What needs to be done => In the listing below, find the line containing "then obtain e1" and the line containing "ultimately show False". Repeat exactly those two lines and every line between them, nothing more.

Extracted records START

(* Let $G$ be an undirected graph, $D\ge1$ an integer, and let $G^D$ denote the graph on $V(G)$ in which distinct vertices $u,v$ are adjacent iff $G$ contains a path of length at most $D$ between them. Let $v_1,\ldots,v_k$ be an independent set in $G^D$. Let $(s,t)$ be a pair of vertices with $(s,t)\notin E(G)$, let $G'=(V(G),E(G)\cup\{(s,t)\})$, and let $H'$ be the subgraph of $(G')^D$ induced by $\{v_1,\ldots,v_k\}$. Then there exists $i\in\{1,\ldots,k\}$ such that every edge of $H'$ (if any) is incident to $v_i$. In particular, if $G^D$ has an independent set of size $k$, then $(G')^D$ has an independent set of size $k-1$. *)

theory Defs
  imports Main
begin

definition ugraph :: "'a set \<Rightarrow> 'a set set \<Rightarrow> bool" where
  "ugraph V E \<longleftrightarrow> (\<forall>e\<in>E. \<exists>u v. e = {u, v} \<and> u \<noteq> v \<and> u \<in> V \<and> v \<in> V)"

text \<open>A path is a nonempty list of distinct vertices, consecutive ones adjacent;
  its length is the number of edges, i.e. length p - 1.\<close>
definition is_path :: "'a set \<Rightarrow> 'a set set \<Rightarrow> 'a list \<Rightarrow> bool" where
  "is_path V E p \<longleftrightarrow> p \<noteq> [] \<and> distinct p \<and> set p \<subseteq> V \<and>
     (\<forall>i. Suc i < length p \<longrightarrow> {p ! i, p ! Suc i} \<in> E)"

definition power_edges :: "'a set \<Rightarrow> 'a set set \<Rightarrow> nat \<Rightarrow> 'a set set" where
  "power_edges V E D = {{u, v} | u v. u \<in> V \<and> v \<in> V \<and> u \<noteq> v \<and>
     (\<exists>p. is_path V E p \<and> hd p = u \<and> last p = v \<and> length p - 1 \<le> D)}"

definition independent :: "'a set \<Rightarrow> 'a set set \<Rightarrow> 'a set \<Rightarrow> bool" where
  "independent V E I \<longleftrightarrow> I \<subseteq> V \<and> (\<forall>u\<in>I. \<forall>v\<in>I. u \<noteq> v \<longrightarrow> {u, v} \<notin> E)"

end

theory Submission
  imports Defs
begin

(*
  Call a pair of vertices "D-close" in G if they are joined by a walk
  with at most D edges; in G^D two distinct vertices are adjacent iff they are D-close
  (a shortest walk is a path).  A short walk in G' = G + st either avoids st, or
  splits as  a ~m~> x -- y ~k~> b  with {x,y} = {s,t} and m + k + 1 <= D.
  So for an independent set I of G^D, every edge of H' can be oriented as u -> v
  with  u ~m~> s  and  t ~k~> v, m + k + 1 <= D.  For two such oriented edges
  u1 -> v1 and u2 -> v2, either m1 + m2 <= D or k1 + k2 <= D, hence the tails or the
  heads are D-close in G and therefore equal (I is independent).  Given one edge
  a -> b, any edge missing a has head b and any edge missing b has tail a; two such
  edges would share neither tail nor head, so a or b covers all edges of H'.
*)

inductive walk_within :: "'a set \<Rightarrow> 'a set set \<Rightarrow> nat \<Rightarrow> 'a \<Rightarrow> 'a \<Rightarrow> bool"
  for V :: "'a set" and E :: "'a set set" where
  here: "a \<in> V \<Longrightarrow> walk_within V E n a a"
| step: "{a, b} \<in> E \<Longrightarrow> a \<in> V \<Longrightarrow> walk_within V E n b c \<Longrightarrow> walk_within V E (Suc n) a c"

lemma walk_within_mono:
  "walk_within V E n a b \<Longrightarrow> n \<le> k \<Longrightarrow> walk_within V E k a b"
proof (induction arbitrary: k rule: walk_within.induct)
  case (step a b n c)
  then obtain k' where "k = Suc k'" "n \<le> k'" by (cases k) auto
  then show ?case using step by (auto intro: walk_within.step)
qed (rule walk_within.here)

lemma walk_within_snoc:
  "walk_within V E n a b \<Longrightarrow> {b, c} \<in> E \<Longrightarrow> c \<in> V \<Longrightarrow> walk_within V E (Suc n) a c"
  by (induction rule: walk_within.induct) (auto intro: walk_within.intros)

lemma walk_within_sym: "walk_within V E n a b \<Longrightarrow> walk_within V E n b a"
proof (induction rule: walk_within.induct)
  case (step a b n c)
  then show ?case by (intro walk_within_snoc) (auto simp: insert_commute)
qed (rule walk_within.here)

lemma walk_within_trans:
  "walk_within V E m a b \<Longrightarrow> walk_within V E k b c \<Longrightarrow> walk_within V E (m + k) a c"
proof (induction rule: walk_within.induct)
  case (here a m)
  show ?case by (rule walk_within_mono[OF here.prems]) simp
next
  case (step a b m c)
  then show ?case by (auto intro: walk_within.step)
qed

lemma is_path_single: "is_path V E [a] \<longleftrightarrow> a \<in> V"
  by (simp add: is_path_def)

lemma is_path_Cons:
  "is_path V E (a # b # p) \<longleftrightarrow> a \<in> V \<and> a \<notin> set (b # p) \<and> {a, b} \<in> E \<and> is_path V E (b # p)"
  unfolding is_path_def
  by (auto simp: nth_Cons split: nat.splits)

lemma is_path_suffix: "is_path V E (xs @ ys) \<Longrightarrow> ys \<noteq> [] \<Longrightarrow> is_path V E ys"
proof (induction xs)
  case (Cons x xs)
  then show ?case by (cases "xs @ ys") (auto simp: is_path_Cons)
qed simp

lemma path_walk_within:
  "is_path V E p \<Longrightarrow> walk_within V E (length p - 1) (hd p) (last p)"
proof (induction p rule: induct_list012)
  case (3 a b p)
  then show ?case by (auto simp: is_path_Cons intro: walk_within.step)
qed (auto simp: is_path_def intro: walk_within.here)

text \<open>Conversely a shortest walk is a path: cut out a cycle through the first vertex.\<close>
lemma walk_within_path:
  "walk_within V E n a b \<Longrightarrow> \<exists>p. is_path V E p \<and> hd p = a \<and> last p = b \<and> length p - 1 \<le> n"
proof (induction rule: walk_within.induct)
  case (here a n)
  then show ?case by (intro exI[of _ "[a]"]) (simp add: is_path_single)
next
  case (step a b n c)
  then obtain p where p: "is_path V E p" "hd p = b" "last p = c" "length p - 1 \<le> n" by blast
  then have "p \<noteq> []" by (simp add: is_path_def)
  then obtain p' where p': "p = b # p'" using p(2) by (cases p) auto
  show ?case
  proof (cases "a \<in> set p")
    case True
    then obtain xs ys where split: "p = xs @ a # ys" by (meson split_list)
    then have "is_path V E (a # ys)" using p(1) is_path_suffix by blast
    moreover have "last (a # ys) = c" using p(3) split by simp
    moreover have "length (a # ys) \<le> length p" using split by simp
    ultimately show ?thesis using p(4) by (intro exI[of _ "a # ys"]) auto
  next
    case False
    then have "is_path V E (a # p)" using step.hyps p(1) by (simp add: p' is_path_Cons)
    then show ?thesis using p p' by (intro exI[of _ "a # p"]) auto
  qed
qed

lemma independent_walk_within_eq:
  assumes indep: "independent V (power_edges V E D) I" and "a \<in> I" "b \<in> I"
    and walk: "walk_within V E n a b" and "n \<le> D"
  shows "a = b"
proof (rule ccontr)
  assume "a \<noteq> b"
  obtain p where "is_path V E p" "hd p = a" "last p = b" "length p - 1 \<le> D"
    using walk_within_path[OF walk] \<open>n \<le> D\<close> by fastforce
  moreover have "a \<in> V" "b \<in> V" using indep \<open>a \<in> I\<close> \<open>b \<in> I\<close> by (auto simp: independent_def)
  ultimately have "{a, b} \<in> power_edges V E D"
    using \<open>a \<noteq> b\<close> unfolding power_edges_def by blast
  then show False using indep \<open>a \<in> I\<close> \<open>b \<in> I\<close> \<open>a \<noteq> b\<close> by (auto simp: independent_def)
qed

lemma walk_within_insert_edge:
  "walk_within V (insert {s, t} E) n a b \<Longrightarrow>
     walk_within V E n a b \<or>
     (\<exists>x y m k. {x, y} = {s, t} \<and> m + k + 1 \<le> n \<and> walk_within V E m a x \<and> walk_within V E k y b)"
proof (induction rule: walk_within.induct)
  case (here a n)
  then show ?case by (simp add: walk_within.here)
next
  case (step a b n c)
  show ?case
  proof (cases "{a, b} \<in> E")
    case True
    from step.IH show ?thesis
    proof (elim disjE exE conjE)
      assume "walk_within V E n b c"
      then show ?thesis using True step.hyps by (auto intro: walk_within.step)
    next
      fix x y m k
      assume "{x, y} = {s, t}" "m + k + 1 \<le> n" "walk_within V E m b x" "walk_within V E k y c"
      then show ?thesis using True step.hyps
        by (intro disjI2 exI[of _ x] exI[of _ y] exI[of _ "Suc m"] exI[of _ k])
           (auto intro: walk_within.step)
    qed
  next
    case False
    then have new: "{a, b} = {s, t}" using step.hyps(1) by blast
    have start: "walk_within V E 0 a a" using step.hyps(2) by (rule walk_within.here)
    from step.IH show ?thesis
    proof (elim disjE exE conjE)
      assume "walk_within V E n b c"
      then show ?thesis using new start
        by (intro disjI2 exI[of _ a] exI[of _ b] exI[of _ 0] exI[of _ n]) auto
    next
      fix x y m k
      assume xy: "{x, y} = {s, t}" and len: "m + k + 1 \<le> n" and rest: "walk_within V E k y c"
      have "y = a \<or> y = b" using xy new by blast
      then show ?thesis
      proof
        assume "y = a"
        then show ?thesis using rest len by (auto intro: walk_within_mono)
      next
        assume "y = b"
        then show ?thesis using rest len new start
          by (intro disjI2 exI[of _ a] exI[of _ b] exI[of _ 0] exI[of _ k]) auto
      qed
    qed
  qed
qed

definition through_new_edge :: "'a set \<Rightarrow> 'a set set \<Rightarrow> nat \<Rightarrow> 'a \<Rightarrow> 'a \<Rightarrow> 'a \<Rightarrow> 'a \<Rightarrow> bool" where
  "through_new_edge V E D s t u v \<longleftrightarrow>
     (\<exists>m k. m + k + 1 \<le> D \<and> walk_within V E m u s \<and> walk_within V E k t v)"

lemma edge_through_new_edge:
  assumes indep: "independent V (power_edges V E D) I"
    and e: "e \<in> power_edges V (insert {s, t} E) D" and "e \<subseteq> I"
  obtains u v where "e = {u, v}" "u \<in> I" "v \<in> I" "u \<noteq> v" "through_new_edge V E D s t u v"
proof -
  obtain u v p where uv: "e = {u, v}" "u \<noteq> v"
    and p: "is_path V (insert {s, t} E) p" "hd p = u" "last p = v" "length p - 1 \<le> D"
    using e unfolding power_edges_def by blast
  have I: "u \<in> I" "v \<in> I" using \<open>e \<subseteq> I\<close> uv by auto
  have "walk_within V (insert {s, t} E) D u v"
    using path_walk_within[OF p(1)] p by (auto intro: walk_within_mono)
  from walk_within_insert_edge[OF this] show ?thesis
  proof (elim disjE exE conjE)
    assume "walk_within V E D u v"
    then show ?thesis using independent_walk_within_eq[OF indep I] uv by blast
  next
    fix x y m k
    assume xy: "{x, y} = {s, t}" and len: "m + k + 1 \<le> D"
      and walks: "walk_within V E m u x" "walk_within V E k y v"
    show ?thesis
    proof (cases "x = s")
      case True
      then have "y = t" using xy by (metis doubleton_eq_iff)
      then have "through_new_edge V E D s t u v"
        using True len walks unfolding through_new_edge_def by blast
      then show ?thesis using that uv I by blast
    next
      case False
      then have "x = t" "y = s" using xy by (auto simp: doubleton_eq_iff)
      then have "through_new_edge V E D s t v u"
        using len walks walk_within_sym unfolding through_new_edge_def
        by (metis add.commute)
      then show ?thesis using that[of v u] uv I by (auto simp: insert_commute)
    qed
  qed
qed

lemma through_new_edge_share:
  assumes indep: "independent V (power_edges V E D) I"
    and "u1 \<in> I" "v1 \<in> I" "u2 \<in> I" "v2 \<in> I"
    and e1: "through_new_edge V E D s t u1 v1" and e2: "through_new_edge V E D s t u2 v2"
  shows "u1 = u2 \<or> v1 = v2"
proof -
  obtain m1 k1 where 1: "m1 + k1 + 1 \<le> D" "walk_within V E m1 u1 s" "walk_within V E k1 t v1"
    using e1 unfolding through_new_edge_def by blast
  obtain m2 k2 where 2: "m2 + k2 + 1 \<le> D" "walk_within V E m2 u2 s" "walk_within V E k2 t v2"
    using e2 unfolding through_new_edge_def by blast
  have tails: "walk_within V E (m1 + m2) u1 u2"
    using walk_within_trans[OF 1(2) walk_within_sym[OF 2(2)]] .
  have heads: "walk_within V E (k1 + k2) v1 v2"
    using walk_within_trans[OF walk_within_sym[OF 1(3)] 2(3)] .
  have "m1 + m2 \<le> D \<or> k1 + k2 \<le> D" using 1(1) 2(1) by linarith
  then show ?thesis
    using independent_walk_within_eq[OF indep] tails heads assms(2-5) by blast
qed

lemma power_edges_insert_star:
  assumes indep: "independent V (power_edges V E D) I" and "I \<noteq> {}"
  shows "\<exists>c\<in>I. \<forall>e\<in>{e \<in> power_edges V (insert {s, t} E) D. e \<subseteq> I}. c \<in> e"
proof (cases "\<exists>e \<in> power_edges V (insert {s, t} E) D. e \<subseteq> I")
  case False
  then show ?thesis using \<open>I \<noteq> {}\<close> by auto
next
  case True
  let ?H = "{e \<in> power_edges V (insert {s, t} E) D. e \<subseteq> I}"
  note orient = edge_through_new_edge[OF indep]
  note share = through_new_edge_share[OF indep]
  obtain a b where ab: "a \<in> I" "b \<in> I" "through_new_edge V E D s t a b"
    using True orient by metis
  have "(\<forall>e\<in>?H. a \<in> e) \<or> (\<forall>e\<in>?H. b \<in> e)"
  proof (rule ccontr)
    assume "\<not> ?thesis"
    then obtain e1 e2 where "e1 \<in> ?H" "a \<notin> e1" "e2 \<in> ?H" "b \<notin> e2" by blast
    then obtain u1 v1 u2 v2 where
      1: "e1 = {u1, v1}" "u1 \<in> I" "v1 \<in> I" "through_new_edge V E D s t u1 v1" and
      2: "e2 = {u2, v2}" "u2 \<in> I" "v2 \<in> I" "through_new_edge V E D s t u2 v2"
      using orient by (metis (no_types, lifting) mem_Collect_eq)
    have "v1 = b" using share[OF ab(1,2) 1(2,3) ab(3) 1(4)] \<open>a \<notin> e1\<close> 1(1) by auto
    moreover have "u2 = a" using share[OF ab(1,2) 2(2,3) ab(3) 2(4)] \<open>b \<notin> e2\<close> 2(1) by auto
    ultimately show False
      using share[OF 1(2,3) 2(2,3) 1(4) 2(4)] \<open>a \<notin> e1\<close> \<open>b \<notin> e2\<close> 1(1) 2(1) by auto
  qed
  then show ?thesis using ab(1,2) by blast
qed

lemma independent_remove_cover:
  assumes "J \<subseteq> V" and "\<forall>e\<in>{e \<in> F. e \<subseteq> J}. c \<in> e"
  shows "independent V F (J - {c})"
  using assms unfolding independent_def by auto

theorem mainTheorem11:
  fixes V :: "'a set" and E :: "'a set set" and D :: nat and I :: "'a set" and s t :: 'a
  assumes "ugraph V E"
    and "D \<ge> 1"
    and "finite I" and "I \<noteq> {}"
    and "independent V (power_edges V E D) I"
    and "s \<in> V" and "t \<in> V" and "s \<noteq> t" and "{s, t} \<notin> E"
  shows "(\<exists>v\<in>I. \<forall>e\<in>{e \<in> power_edges V (insert {s, t} E) D. e \<subseteq> I}. v \<in> e)
    \<and> (\<forall>k. (\<exists>J. finite J \<and> card J = k \<and> independent V (power_edges V E D) J)
          \<longrightarrow> (\<exists>J'. finite J' \<and> card J' = k - 1 \<and>
                   independent V (power_edges V (insert {s, t} E) D) J'))"
proof (intro conjI allI impI)
  show "\<exists>v\<in>I. \<forall>e\<in>{e \<in> power_edges V (insert {s, t} E) D. e \<subseteq> I}. v \<in> e"
    using power_edges_insert_star[OF assms(5,4)] .
next
  fix k
  assume "\<exists>J. finite J \<and> card J = k \<and> independent V (power_edges V E D) J"
  then obtain J where J: "finite J" "card J = k" "independent V (power_edges V E D) J" by blast
  show "\<exists>J'. finite J' \<and> card J' = k - 1 \<and> independent V (power_edges V (insert {s, t} E) D) J'"
  proof (cases "J = {}")
    case True
    then show ?thesis using J by (intro exI[of _ "{}"]) (auto simp: independent_def)
  next
    case False
    then obtain c where "c \<in> J"
      and cover: "\<forall>e\<in>{e \<in> power_edges V (insert {s, t} E) D. e \<subseteq> J}. c \<in> e"
      using power_edges_insert_star[OF J(3)] by blast
    have "J \<subseteq> V" using J(3) by (simp add: independent_def)
    then have "independent V (power_edges V (insert {s, t} E) D) (J - {c})"
      using cover by (rule independent_remove_cover)
    moreover have "card (J - {c}) = k - 1" using J(1,2) \<open>c \<in> J\<close> by simp
    ultimately show ?thesis using J(1) by blast
  qed
qed

end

Extracted records END

Answer to the problem =>
    then obtain e1 e2 where "e1 \<in> ?H" "a \<notin> e1" "e2 \<in> ?H" "b \<notin> e2" by blast
    then obtain u1 v1 u2 v2 where
      1: "e1 = {u1, v1}" "u1 \<in> I" "v1 \<in> I" "through_new_edge V E D s t u1 v1" and
      2: "e2 = {u2, v2}" "u2 \<in> I" "v2 \<in> I" "through_new_edge V E D s t u2 v2"
      using orient by (metis (no_types, lifting) mem_Collect_eq)
    have "v1 = b" using share[OF ab(1,2) 1(2,3) ab(3) 1(4)] \<open>a \<notin> e1\<close> 1(1) by auto
    moreover have "u2 = a" using share[OF ab(1,2) 2(2,3) ab(3) 2(4)] \<open>b \<notin> e2\<close> 2(1) by auto
    ultimately show False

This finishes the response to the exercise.